Le fragment tokarczukien relate une visite imaginaire rendu en novembre 1689 par un certain Willem Van Horsen à son maître Philip Verheyen, alors recteur de l'université de Louvain. Dans un coin de l'atelier se tient l'objet de convoitise d'un grand nombre de gens, un microscope d'excellente qualité dont les lentilles ont été polies par Baruch Spinoza lui-même, "et qui permet à Philippe Verheyen d'observer les faisceaux de vaisseaux sanguins." Mais ce n'est pas l'attraction du jour, non, ce que le maître montre alors à son élève n'est autre que le tendon d'Achille, Chorda Achillis, qu'il a mis en évidence en disséquant son membre amputé.

"Tendon d'Achille - le nom plus que l'attache elle-même frappe l'esprit du jeune Van Horssen. Car il est poète et plutôt que de faire des études de médecine, il aurait préféré écrire des vers. Un nom avait le pouvoir de susciter dans son esprit des images fabuleuses, comme s'il contemplait les toiles des maîtres italiens peuplées de dieux et de nymphes bien en chair. Pouvait-on mieux nommer cette partie du corps par laquelle la déesse Thétis attrapa le petit Achille, avant de le plonger dans les "eaux du Styx" afin de le rendre immortel ?" (p. 254)

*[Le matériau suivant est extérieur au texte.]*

lemma approx_stage_step:
  assumes i: "1 \<le> i" and stage: "approx_stage i D S"
  shows "\<exists>d D'. stage_step i D S d D'"
proof -
  let ?A = "Ws (Suc i)"
  obtain h U r where h: "lhom L D ?A h" and h_image: "h ` carrier D = g i ` carrier (Ws i)"
    and hU: "\<forall>u\<in>U. h u = \<zero>\<^bsub>?A\<^esub>" and U: "add_extendable L W D U"
    and r: "module_retraction L D U S r" and ker: "exact_pos i \<longrightarrow> {z \<in> carrier D. h z = \<zero>\<^bsub>?A\<^esub>} = U"
    using stage unfolding approx_stage_def by blast
  have D: "in_add L W D"
    using stage by (simp add: approx_stage_def)
  have SU: "S \<subseteq> U"
    using r by (simp add: module_retraction_def)
  obtain e where e: "lhom L D D e" and eS: "\<forall>s\<in>S. e s = \<zero>\<^bsub>D\<^esub>"
    and key: "id_minus_maps_kernel D ?A h e"
    and e_ker: "exact_pos i \<longrightarrow> {z \<in> carrier D. h z = \<zero>\<^bsub>?A\<^esub> \<and> e z = \<zero>\<^bsub>D\<^esub>} = S"
    by (rule correction_endomorphism[OF D h U ker[rule_format] r])
  define d where "d z = ipair (h z) (e z)" for z
  have "lhom L D (dsum ?A D) d"
    unfolding d_def by (rule lhom_ipair[OF h e])
  moreover have "\<forall>s\<in>S. d s = \<zero>\<^bsub>dsum ?A D\<^esub>"
    using hU eS SU by (auto simp: d_def)
  moreover have "exact_pos i \<longrightarrow> {z \<in> carrier D. d z = \<zero>\<^bsub>dsum ?A D\<^esub>} = S"
    using e_ker by (simp add: d_def)
  moreover have "approx_stage (Suc i) (dsum ?A D) (d ` carrier D)"
    unfolding d_def by (rule approx_stage_Suc[OF i D h h_image e key])
  ultimately show ?thesis
    unfolding stage_step_def by blast
qed

text \<open>\<open>stage k\<close> is the term at position \<open>k + 1\<close> of the new complex together with the
  image of the incoming map.\<close>

definition next_stage :: "nat \<Rightarrow> ('a, 'w) umod \<times> (nat \<Rightarrow> 'w) set
    \<Rightarrow> ((nat \<Rightarrow> 'w) \<Rightarrow> nat \<Rightarrow> 'w) \<times> ('a, 'w) umod" where
  "next_stage i = (\<lambda>(D, S). SOME p. stage_step i D S (fst p) (snd p))"

primrec stage :: "nat \<Rightarrow> ('a, 'w) umod \<times> (nat \<Rightarrow> 'w) set" where
  "stage 0 = (Ws 1, f1 ` N1)"
| "stage (Suc k) =
     (snd (next_stage (Suc k) (stage k)), fst (next_stage (Suc k) (stage k)) ` carrier (fst (stage k)))"

lemma next_stage_step:
  assumes "1 \<le> i" and "approx_stage i D S"
  shows "stage_step i D S (fst (next_stage i (D, S))) (snd (next_stage i (D, S)))"
proof -
  obtain d D' where "stage_step i D S d D'"
    using approx_stage_step[OF assms] by blast
  then have "stage_step i D S (fst (SOME p. stage_step i D S (fst p) (snd p)))
      (snd (SOME p. stage_step i D S (fst p) (snd p)))"
    by (intro someI[of "\<lambda>p. stage_step i D S (fst p) (snd p)" "(d, D')", simplified]) simp
  then show ?thesis
    by (simp add: next_stage_def)
qed

lemma stage_approx: "approx_stage (Suc k) (fst (stage k)) (snd (stage k))"
proof (induction k)
  case 0
  show ?case using approx_stage_first by simp
next
  case (Suc k)
  then show ?case
    using next_stage_step[of "Suc k" "fst (stage k)" "snd (stage k)"] by (simp add: stage_step_def)
qed

lemma stage_Suc_step:
  "stage_step (Suc k) (fst (stage k)) (snd (stage k)) (fst (next_stage (Suc k) (stage k))) (fst (stage (Suc k)))"
  using next_stage_step[of "Suc k" "fst (stage k)" "snd (stage k)"] stage_approx[of k] by simp

definition new_term :: "nat \<Rightarrow> ('a, 'w) umod" where
  "new_term i = fst (stage (i - 1))"

definition new_map :: "nat \<Rightarrow> (nat \<Rightarrow> 'w) \<Rightarrow> nat \<Rightarrow> 'w" where
  "new_map i = fst (next_stage i (stage (i - 1)))"

lemma new_map_image: "new_map (Suc k) ` carrier (new_term (Suc k)) = snd (stage (Suc k))"
  by (simp add: new_map_def new_term_def)

lemma new_in_image: "in_image (M\<lparr>carrier := N1\<rparr>) f1 new_term new_map (Suc k) = snd (stage k)"
  by (cases k) (simp_all add: in_image_def new_map_image)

Thétis immergeant Achille dans le Styx, Antoine Borel, 1787

Plus tard, dans la conversation, Verheyen dit à Van Horssen que sa jambe lui fait mal. De ce membre fantôme et des douleurs qui l'accompagnent, la notice de Wikipedia affirme qu'il n'en parlera jamais ouvertement, mais que ces sensations l'ont incité à bien des égards à commencer une carrière en anatomie afin d'étudier et de comprendre ce phénomène.  Il écrivit "une série de notes très personnelles (1700-1710) dont le titre peut se traduire par « Notes sur ma jambe amputée » ou « Lettres à ma jambe amputée » ; le premier titre semble plus probable, et le second, plus conforme au ton des notes."

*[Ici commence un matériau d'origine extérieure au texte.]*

(* Let $A$ be a circular $m\times n$ matrix, $b\in\mathbb{Z}_+^m$, $x^*\in Q(A,b)\setminus Q^*(A,b)$, and let $\Gamma$ be a circuit with negative cost in $D(A,x^* )$. Then $p(\Gamma)>0$.
   Context: Notation: $[n]=\{1,\dots,n\}$ with addition mod $n$ (index $0$ identified with $n$); for $a,c\in[n]$ with $t\ge0$ minimal such that $a+t\equiv c\pmod n$, $[a,c)_n=\{a,\dots,a+t-1\}$ (mod $n$). An $m\times n$ $\{0,1\}$-matrix $A$ is circular if for each row $i$ there are $\ell_i\in[n]$ and an integer $2\le k_i\le n-1$ with row $i$ the incidence vector of $[\ell_i,\ell_i+k_i)_n$. $Q(A,b)=\{x\ge0:Ax\ge b\}$, $Q^*(A,b)=\operatorname{conv}(Q(A,b)\cap\mathbb{Z}^n)$. $D(A)$: node set $[n]$ (labels mod $n$); forward arcs $a_i=(\ell_i-1,\ell_i+k_i-1)$ ($i\in[m]$, length $k_i$), $a_{m+j}=(j-1,j)$ ($j\in[n]$, length $1$); reverse arcs $\bar a_i=(\ell_i+k_i-1,\ell_i-1)$ (length $-k_i$), $\bar a_{m+j}=(j,j-1)$ (length $-1$). A circuit is a simple directed circuit; winding number $p(\Gamma)$: $p(\Gamma)n=\sum_{a\in E(\Gamma)}l(a)$. Costs: $\tilde A=\binom{A}{I}$, $d=\binom{b}{0}$, $v$ = last column of $\tilde A$; for $x^*\in Q(A,b)$: $s^*=\tilde Ax^*-d$, $\mu=\lceil\mathbf{1}^Tx^*\rceil-\mathbf{1}^Tx^*$, $c^+(x^* )=\mu(s^*-(1-\mu)v)$, $c^-(x^* )=(1-\mu)(s^*+\mu v)$. In $D(A,x^* )$ arc $a_k$ ($k\in[m+n]$) has cost $c^+_k(x^* )$ and $\bar a_k$ has cost $c^-_k(x^* )$; the cost of a circuit is the sum of its arc costs. *)

theory Defs
  imports Complex_Main
begin

text \<open>Columns and rows are 1-indexed: columns j in {1..n}, rows i in {1..m}.
  Nodes of D(A) are labels mod n, represented by {0..<n} (label n is node 0).\<close>

definition cint :: "nat \<Rightarrow> nat \<Rightarrow> nat \<Rightarrow> nat set" where
  "cint n a t = {((a - 1 + s) mod n) + 1 | s. s < t}"

definition circular_with ::
  "nat \<Rightarrow> nat \<Rightarrow> (nat \<Rightarrow> nat \<Rightarrow> real) \<Rightarrow> (nat \<Rightarrow> nat) \<Rightarrow> (nat \<Rightarrow> nat) \<Rightarrow> bool" where
  "circular_with m n A l k \<longleftrightarrow>
     (\<forall>i\<in>{1..m}. l i \<in> {1..n} \<and> 2 \<le> k i \<and> k i \<le> n - 1 \<and>
        (\<forall>j\<in>{1..n}. A i j = (if j \<in> cint n (l i) (k i) then 1 else 0)))"

definition inQ :: "nat \<Rightarrow> nat \<Rightarrow> (nat \<Rightarrow> nat \<Rightarrow> real) \<Rightarrow> (nat \<Rightarrow> int) \<Rightarrow> (nat \<Rightarrow> real) \<Rightarrow> bool" where
  "inQ m n A b x \<longleftrightarrow> (\<forall>j\<in>{1..n}. 0 \<le> x j) \<and>
     (\<forall>i\<in>{1..m}. (\<Sum>j=1..n. A i j * x j) \<ge> of_int (b i))"

definition inQstar :: "nat \<Rightarrow> nat \<Rightarrow> (nat \<Rightarrow> nat \<Rightarrow> real) \<Rightarrow> (nat \<Rightarrow> int) \<Rightarrow> (nat \<Rightarrow> real) \<Rightarrow> bool" where
  "inQstar m n A b x \<longleftrightarrow>
     (\<exists>S u. finite S \<and> S \<noteq> {} \<and>
        (\<forall>y\<in>S. inQ m n A b y \<and> (\<forall>j\<in>{1..n}. y j \<in> \<int>)) \<and>
        (\<forall>y\<in>S. 0 \<le> u y) \<and> (\<Sum>y\<in>S. u y) = 1 \<and>
        (\<forall>j\<in>{1..n}. x j = (\<Sum>y\<in>S. u y * y j)))"

text \<open>Arcs of D(A): (q, True) is the forward arc a_q, (q, False) the reverse arc \<bar>a_q, q in {1..m+n}.\<close>
type_synonym arc = "nat \<times> bool"

definition valid_arc :: "nat \<Rightarrow> nat \<Rightarrow> arc \<Rightarrow> bool" where
  "valid_arc m n e \<longleftrightarrow> fst e \<in> {1..m+n}"

definition fwd_tail :: "nat \<Rightarrow> nat \<Rightarrow> (nat \<Rightarrow> nat) \<Rightarrow> (nat \<Rightarrow> nat) \<Rightarrow> nat \<Rightarrow> nat" where
  "fwd_tail m n l k q = (if q \<le> m then (l q - 1) mod n else (q - m - 1) mod n)"

definition fwd_head :: "nat \<Rightarrow> nat \<Rightarrow> (nat \<Rightarrow> nat) \<Rightarrow> (nat \<Rightarrow> nat) \<Rightarrow> nat \<Rightarrow> nat" where
  "fwd_head m n l k q = (if q \<le> m then (l q + k q - 1) mod n else (q - m) mod n)"

definition arc_tail :: "nat \<Rightarrow> nat \<Rightarrow> (nat \<Rightarrow> nat) \<Rightarrow> (nat \<Rightarrow> nat) \<Rightarrow> arc \<Rightarrow> nat" where
  "arc_tail m n l k e = (if snd e then fwd_tail m n l k (fst e) else fwd_head m n l k (fst e))"

definition arc_head :: "nat \<Rightarrow> nat \<Rightarrow> (nat \<Rightarrow> nat) \<Rightarrow> (nat \<Rightarrow> nat) \<Rightarrow> arc \<Rightarrow> nat" where
  "arc_head m n l k e = (if snd e then fwd_head m n l k (fst e) else fwd_tail m n l k (fst e))"

definition arc_len :: "nat \<Rightarrow> (nat \<Rightarrow> nat) \<Rightarrow> arc \<Rightarrow> int" where
  "arc_len m k e = (let L = (if fst e \<le> m then int (k (fst e)) else 1) in if snd e then L else - L)"

definition is_circuit :: "nat \<Rightarrow> nat \<Rightarrow> (nat \<Rightarrow> nat) \<Rightarrow> (nat \<Rightarrow> nat) \<Rightarrow> arc list \<Rightarrow> bool" where
  "is_circuit m n l k C \<longleftrightarrow> C \<noteq> [] \<and> (\<forall>e\<in>set C. valid_arc m n e) \<and>
     distinct (map (arc_tail m n l k) C) \<and>
     (\<forall>i<length C. arc_head m n l k (C ! i) = arc_tail m n l k (C ! ((i + 1) mod length C)))"

definition winding :: "nat \<Rightarrow> nat \<Rightarrow> (nat \<Rightarrow> nat) \<Rightarrow> arc list \<Rightarrow> real" where
  "winding m n k C = real_of_int (\<Sum>e\<leftarrow>C. arc_len m k e) / real n"

text \<open>Data of the stacked system  (A;I) x >= (b;0), indices q in {1..m+n}.\<close>
definition vvec :: "nat \<Rightarrow> nat \<Rightarrow> (nat \<Rightarrow> nat \<Rightarrow> real) \<Rightarrow> nat \<Rightarrow> real" where
  "vvec m n A q = (if q \<le> m then A q n else if q - m = n then 1 else 0)"

definition slack :: "nat \<Rightarrow> nat \<Rightarrow> (nat \<Rightarrow> nat \<Rightarrow> real) \<Rightarrow> (nat \<Rightarrow> int) \<Rightarrow> (nat \<Rightarrow> real) \<Rightarrow> nat \<Rightarrow> real" where
  "slack m n A b x q = (if q \<le> m then (\<Sum>j=1..n. A q j * x j) - of_int (b q) else x (q - m))"

definition mu :: "nat \<Rightarrow> (nat \<Rightarrow> real) \<Rightarrow> real" where
  "mu n x = of_int \<lceil>\<Sum>j=1..n. x j\<rceil> - (\<Sum>j=1..n. x j)"

definition cplus :: "nat \<Rightarrow> nat \<Rightarrow> (nat \<Rightarrow> nat \<Rightarrow> real) \<Rightarrow> (nat \<Rightarrow> int) \<Rightarrow> (nat \<Rightarrow> real) \<Rightarrow> nat \<Rightarrow> real" where
  "cplus m n A b x q = mu n x * (slack m n A b x q - (1 - mu n x) * vvec m n A q)"

definition cminus :: "nat \<Rightarrow> nat \<Rightarrow> (nat \<Rightarrow> nat \<Rightarrow> real) \<Rightarrow> (nat \<Rightarrow> int) \<Rightarrow> (nat \<Rightarrow> real) \<Rightarrow> nat \<Rightarrow> real" where
  "cminus m n A b x q = (1 - mu n x) * (slack m n A b x q + mu n x * vvec m n A q)"

definition arc_cost :: "nat \<Rightarrow> nat \<Rightarrow> (nat \<Rightarrow> nat \<Rightarrow> real) \<Rightarrow> (nat \<Rightarrow> int) \<Rightarrow> (nat \<Rightarrow> real) \<Rightarrow> arc \<Rightarrow> real" where
  "arc_cost m n A b x e = (if snd e then cplus m n A b x (fst e) else cminus m n A b x (fst e))"

definition circuit_cost :: "nat \<Rightarrow> nat \<Rightarrow> (nat \<Rightarrow> nat \<Rightarrow> real) \<Rightarrow> (nat \<Rightarrow> int) \<Rightarrow> (nat \<Rightarrow> real) \<Rightarrow> arc list \<Rightarrow> real" where
  "circuit_cost m n A b x C = (\<Sum>e\<leftarrow>C. arc_cost m n A b x e)"

end

theory Submission
  imports Defs
begin

text \<open>Write every arc length as the head label minus the tail label plus n times a wrap count
  w(e) \<in> {-1,0,1}, which records whether the arc passes from node n-1 over node 0.
  Along a circuit the label differences telescope, so p(\<Gamma>) is the sum of the w(e).
  The wrap count of a_q is exactly the last entry v_q of column n, and the slacks are
  nonnegative, so every arc costs at least -\<mu>(1-\<mu>) w(e); summing, the cost of \<Gamma> is at least
  -\<mu>(1-\<mu>) p(\<Gamma>) with 0 \<le> \<mu> < 1. Hence a negative cost forces p(\<Gamma>) > 0.\<close>

definition wrap :: "nat \<Rightarrow> nat \<Rightarrow> (nat \<Rightarrow> nat) \<Rightarrow> (nat \<Rightarrow> nat) \<Rightarrow> nat \<Rightarrow> int" where
  "wrap m n l k q =
     (if q \<le> m then (if n \<le> l q + k q - 1 then 1 else 0) else if q - m = n then 1 else 0)"

definition arc_wrap :: "nat \<Rightarrow> nat \<Rightarrow> (nat \<Rightarrow> nat) \<Rightarrow> (nat \<Rightarrow> nat) \<Rightarrow> arc \<Rightarrow> int" where
  "arc_wrap m n l k e = (if snd e then wrap m n l k (fst e) else - wrap m n l k (fst e))"

lemma last_mem_cint_iff:
  assumes "a \<in> {1..n}" "t \<le> n - 1"
  shows "n \<in> cint n a t \<longleftrightarrow> n \<le> a + t - 1"
proof
  assume "n \<in> cint n a t"
  then obtain s where s: "s < t" "n = (a - 1 + s) mod n + 1" unfolding cint_def by auto
  show "n \<le> a + t - 1"
  proof (rule ccontr)
    assume "\<not> n \<le> a + t - 1"
    then have "(a - 1 + s) mod n = a - 1 + s" using s assms by auto
    with s \<open>\<not> n \<le> a + t - 1\<close> assms show False by auto
  qed
next
  assume "n \<le> a + t - 1"
  then have "n - a < t" "n = (a - 1 + (n - a)) mod n + 1" using assms by auto
  then show "n \<in> cint n a t" unfolding cint_def by blast
qed

lemma vvec_eq_wrap:
  assumes "circular_with m n A l k" "q \<in> {1..m+n}"
  shows "vvec m n A q = of_int (wrap m n l k q)"
proof (cases "q \<le> m")
  case True
  then have "l q \<in> {1..n}" "k q \<le> n - 1"
    and row: "\<forall>j\<in>{1..n}. A q j = (if j \<in> cint n (l q) (k q) then 1 else 0)"
    using assms unfolding circular_with_def by auto
  then have "A q n = (if n \<in> cint n (l q) (k q) then 1 else 0)" by auto
  with last_mem_cint_iff[OF \<open>l q \<in> {1..n}\<close> \<open>k q \<le> n - 1\<close>] True show ?thesis
    unfolding vvec_def wrap_def by auto
qed (auto simp: vvec_def wrap_def)

lemma fwd_length_eq:
  assumes "circular_with m n A l k" "q \<in> {1..m+n}"
  shows "(if q \<le> m then int (k q) else 1) =
    int (fwd_head m n l k q) - int (fwd_tail m n l k q) + int n * wrap m n l k q"
proof (cases "q \<le> m")
  case True
  then have "l q \<in> {1..n}" "k q \<le> n - 1"
    using assms unfolding circular_with_def by auto
  moreover have "(l q + k q - 1) mod n = l q + k q - 1 - n" if "n \<le> l q + k q - 1"
  proof -
    have "l q + k q - 1 - n < n" using that \<open>l q \<in> {1..n}\<close> \<open>k q \<le> n - 1\<close> by auto
    with that show ?thesis by (metis le_mod_geq mod_less)
  qed
  ultimately show ?thesis
    using True unfolding fwd_head_def fwd_tail_def wrap_def by auto
next
  case False
  then show ?thesis using assms(2) unfolding fwd_head_def fwd_tail_def wrap_def by auto
qed

lemma arc_len_eq:
  assumes "circular_with m n A l k" "valid_arc m n e"
  shows "arc_len m k e =
    int (arc_head m n l k e) - int (arc_tail m n l k e) + int n * arc_wrap m n l k e"
  using fwd_length_eq[OF assms(1), of "fst e"] assms(2)
  unfolding arc_len_def arc_head_def arc_tail_def arc_wrap_def valid_arc_def Let_def
  by (auto simp: algebra_simps)

lemma sum_list_rotate1: "sum_list (rotate1 xs) = (sum_list xs :: 'a :: comm_monoid_add)"
  by (cases xs) (simp_all add: add.commute)

lemma sum_list_cyclic_diff_eq_0:
  fixes h t :: "'a \<Rightarrow> 'b :: ab_group_add"
  assumes "\<forall>i<length C. h (C ! i) = t (C ! ((i + 1) mod length C))"
  shows "(\<Sum>e\<leftarrow>C. h e - t e) = 0"
proof -
  have "map h C = map t (rotate1 C)"
    using assms by (intro nth_equalityI) (simp_all add: nth_rotate1)
  then have "sum_list (map h C) = sum_list (map t C)"
    by (metis rotate1_map sum_list_rotate1)
  then show ?thesis by (simp add: sum_list_subtractf)
qed

lemma winding_eq_sum_arc_wrap:
  assumes "circular_with m n A l k" "is_circuit m n l k C"
  shows "winding m n k C = of_int (\<Sum>e\<leftarrow>C. arc_wrap m n l k e)"
proof -
  have arcs: "\<forall>e\<in>set C. valid_arc m n e" and "C \<noteq> []"
    using assms(2) unfolding is_circuit_def by auto
  then obtain e where "fst e \<in> {1..m+n}" unfolding valid_arc_def by (cases C) auto
  then have "n > 0"
    using assms(1) unfolding circular_with_def by (cases "fst e \<le> m") fastforce+
  have "(\<Sum>e\<leftarrow>C. arc_len m k e) =
      (\<Sum>e\<leftarrow>C. int (arc_head m n l k e) - int (arc_tail m n l k e))
      + int n * (\<Sum>e\<leftarrow>C. arc_wrap m n l k e)"
    using arc_len_eq[OF assms(1)] arcs
    by (simp add: sum_list_addf sum_list_const_mult cong: map_cong)
  also have "(\<Sum>e\<leftarrow>C. int (arc_head m n l k e) - int (arc_tail m n l k e)) = 0"
    using assms(2) unfolding is_circuit_def by (intro sum_list_cyclic_diff_eq_0) auto
  finally show ?thesis using \<open>n > 0\<close> unfolding winding_def by simp
qed

lemma mu_bounds: "0 \<le> mu n x" "mu n x < 1"
  unfolding mu_def by (simp_all add: ceiling_correct) linarith

lemma slack_nonneg:
  assumes "inQ m n A b x" "q \<in> {1..m+n}"
  shows "0 \<le> slack m n A b x q"
proof (cases "q \<le> m")
  case False
  then have "q - m \<in> {1..n}" using assms(2) by auto
  with False show ?thesis using assms(1) unfolding inQ_def slack_def by auto
qed (use assms in \<open>auto simp: inQ_def slack_def\<close>)

lemma arc_cost_ge:
  assumes "circular_with m n A l k" "inQ m n A b x" "valid_arc m n e"
  shows "- (mu n x * (1 - mu n x)) * of_int (arc_wrap m n l k e) \<le> arc_cost m n A b x e"
proof -
  have q: "fst e \<in> {1..m+n}" using assms(3) unfolding valid_arc_def by auto
  have "0 \<le> mu n x * slack m n A b x (fst e)" "0 \<le> (1 - mu n x) * slack m n A b x (fst e)"
    using mu_bounds[of n x] slack_nonneg[OF assms(2) q] by simp_all
  then show ?thesis
    using vvec_eq_wrap[OF assms(1) q]
    unfolding arc_cost_def cplus_def cminus_def arc_wrap_def by (simp add: algebra_simps)
qed

lemma circuit_cost_ge:
  assumes "circular_with m n A l k" "inQ m n A b x" "\<forall>e\<in>set C. valid_arc m n e"
  shows "- (mu n x * (1 - mu n x)) * of_int (\<Sum>e\<leftarrow>C. arc_wrap m n l k e)
    \<le> circuit_cost m n A b x C"
proof -
  have "- (mu n x * (1 - mu n x)) * of_int (\<Sum>e\<leftarrow>C. arc_wrap m n l k e) =
      (\<Sum>e\<leftarrow>C. - (mu n x * (1 - mu n x)) * of_int (arc_wrap m n l k e))"
    by (induction C) (simp_all add: algebra_simps)
  also have "\<dots> \<le> circuit_cost m n A b x C"
    unfolding circuit_cost_def using arc_cost_ge[OF assms(1,2)] assms(3)
    by (intro sum_list_mono) auto
  finally show ?thesis .
qed

theorem lemma4p3:
  fixes m n :: nat and A :: "nat \<Rightarrow> nat \<Rightarrow> real" and l k :: "nat \<Rightarrow> nat"
    and b :: "nat \<Rightarrow> int" and x :: "nat \<Rightarrow> real" and C :: "arc list"
  assumes "circular_with m n A l k"
    and "\<forall>i\<in>{1..m}. 0 \<le> b i"
    and "inQ m n A b x" and "\<not> inQstar m n A b x"
    and "is_circuit m n l k C"
    and "circuit_cost m n A b x C < 0"
  shows "winding m n k C > 0"
proof -
  let ?W = "\<Sum>e\<leftarrow>C. arc_wrap m n l k e"
  have "- (mu n x * (1 - mu n x)) * of_int ?W < 0"
    using circuit_cost_ge[OF assms(1,3)] assms(5,6) unfolding is_circuit_def by fastforce
  moreover have "0 \<le> mu n x * (1 - mu n x)" using mu_bounds[of n x] by simp
  ultimately have "0 < ?W" using mult_nonneg_nonpos[of _ "of_int ?W"] by fastforce
  then show ?thesis using winding_eq_sum_arc_wrap[OF assms(1,5)] by simp
qed

end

Olga Tokarczuk termine ce fragment en évoquant le voyage des deux hommes vers Amsterdam, leur navigation sur un canal, "à l'ombre de leur tente qui projette sur l'eau une grande tache sombre et mobile". Elle décrit la scène comme s'il s'agissait d'un tableau de cette fameuse école hollandaise : "Chacun voit l'autre sur le fond d'un paysage en fuite : des champs bien délimités par des rangées de saules, des fossés de drainage, des embarcadères, des chaumières en bois. Du duvet d'oie, tels de minuscules galions, flotte sur l'eau du canal, près des berges. Une brise tiède, légère, fait onduler les plumes des chapeaux."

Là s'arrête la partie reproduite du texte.